lemma emeasure_lborel_shear:
  fixes t :: real
  assumes X: "X \<in> sets borel"
  shows "emeasure lborel ((\<lambda>(x, y). (x, y + t * x)) -` X)
           = emeasure (lborel :: (real \<times> real) measure) X"
proof -
  let ?s = "\<lambda>(x::real, y::real). (x, y + t * x)"
  have "?s \<in> borel_measurable borel"
    by (intro borel_measurable_continuous_onI) (simp add: case_prod_beta' continuous_intros)
  then have X': "?s -` X \<in> sets borel"
    using X by (simp add: measurable_sets_borel)
  have slice: "Pair x -` X \<in> sets borel" for x
  proof -
    have "Pair x \<in> borel_measurable (borel :: real measure)"
      by (intro borel_measurable_continuous_onI continuous_intros)
    from measurable_sets_borel [OF this X] show ?thesis .
  qed
  have "emeasure lborel (Pair x -` (?s -` X)) = emeasure lborel (Pair x -` X)" for x
  proof -
    have "Pair x -` (?s -` X) = (\<lambda>y. t * x + y) -` (Pair x -` X)"
      by (auto simp: add.commute)
    then show ?thesis
      using emeasure_lborel_translate [OF slice] by simp
  qed
  then have "(\<integral>\<^sup>+ x. emeasure lborel (Pair x -` (?s -` X)) \<partial>lborel)
      = (\<integral>\<^sup>+ x. emeasure lborel (Pair x -` X) \<partial>lborel)"
    by simp
  moreover have "emeasure (lborel \<Otimes>\<^sub>M lborel) Y = (\<integral>\<^sup>+ x. emeasure lborel (Pair x -` Y) \<partial>lborel)"
    if "Y \<in> sets borel" for Y :: "(real \<times> real) set"
    using that by (intro lborel.emeasure_pair_measure_alt) (unfold lborel_prod, simp)
  ultimately show ?thesis
    using X X' by (simp flip: lborel_prod)
qed

lemma emeasure_lborel_axis_ellipse:
  fixes \<alpha> \<beta> :: real
  assumes "0 < \<alpha>" "0 < \<beta>"
  shows "emeasure lborel {(x, y). (x / \<alpha>)\<^sup>2 + (y / \<beta>)\<^sup>2 < (1::real)} = ennreal (pi * \<alpha> * \<beta>)"
proof -
  define c :: "real \<times> real \<Rightarrow> real" where "c j = (if j = (1, 0) then 1 / \<alpha> else 1 / \<beta>)" for j
  define T where "T x = (0::real \<times> real) + (\<Sum>j\<in>Basis. (c j * (x \<bullet> j)) *\<^sub>R j)" for x
  have T: "T = (\<lambda>(x, y). (x / \<alpha>, y / \<beta>))"
    by (auto simp: fun_eq_iff T_def c_def Basis_prod_def)
  have "lborel = density (distr lborel borel T) (\<lambda>_. (\<Prod>j\<in>Basis. \<bar>c j\<bar>))"
    unfolding T_def using assms by (intro lborel_affine_euclidean) (auto simp: c_def)
  also have "(\<Prod>j\<in>Basis. \<bar>c j\<bar>) = 1 / (\<alpha> * \<beta>)"
    using assms by (simp add: c_def Basis_prod_def)
  finally have lborel_eq: "lborel = density (distr lborel borel T) (\<lambda>_. ennreal (1 / (\<alpha> * \<beta>)))" .
  have T_measurable: "T \<in> borel_measurable borel"
    unfolding T using assms
    by (intro borel_measurable_continuous_onI) (auto simp: case_prod_beta' intro!: continuous_intros)
  have "ennreal pi = emeasure lborel (ball (0::real \<times> real) 1)"
    by (simp add: emeasure_ball unit_ball_vol_2)
  also have "\<dots> = emeasure (density (distr lborel borel T) (\<lambda>_. ennreal (1 / (\<alpha> * \<beta>)))) (ball 0 1)"
    by (subst lborel_eq) simp
  also have "\<dots> = ennreal (1 / (\<alpha> * \<beta>)) * emeasure lborel (T -` ball 0 1)"
    by (simp add: emeasure_density nn_integral_cmult_indicator emeasure_distr T_measurable)
  also have "T -` ball 0 1 = {(x, y). (x / \<alpha>)\<^sup>2 + (y / \<beta>)\<^sup>2 < (1::real)}"
    by (auto simp: T dist_norm norm_Pair power_divide)
  finally have "ennreal pi
      = ennreal (1 / (\<alpha> * \<beta>)) * emeasure lborel {(x, y). (x / \<alpha>)\<^sup>2 + (y / \<beta>)\<^sup>2 < (1::real)}" .
  then have "ennreal (\<alpha> * \<beta>) * ennreal pi
      = emeasure lborel {(x, y). (x / \<alpha>)\<^sup>2 + (y / \<beta>)\<^sup>2 < (1::real)}"
    using assms by (simp add: mult.assoc [symmetric] flip: ennreal_mult')
  then show ?thesis
    using assms by (simp add: ennreal_mult' mult.commute mult.left_commute)
qed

# # # #

What you are asked to do ::
Gather each line in these records that contains the string "partial".

Expected answer ::
  then have "(\<integral>\<^sup>+ x. emeasure lborel (Pair x -` (?s -` X)) \<partial>lborel)
      = (\<integral>\<^sup>+ x. emeasure lborel (Pair x -` X) \<partial>lborel)"
  moreover have "emeasure (lborel \<Otimes>\<^sub>M lborel) Y = (\<integral>\<^sup>+ x. emeasure lborel (Pair x -` Y) \<partial>lborel)"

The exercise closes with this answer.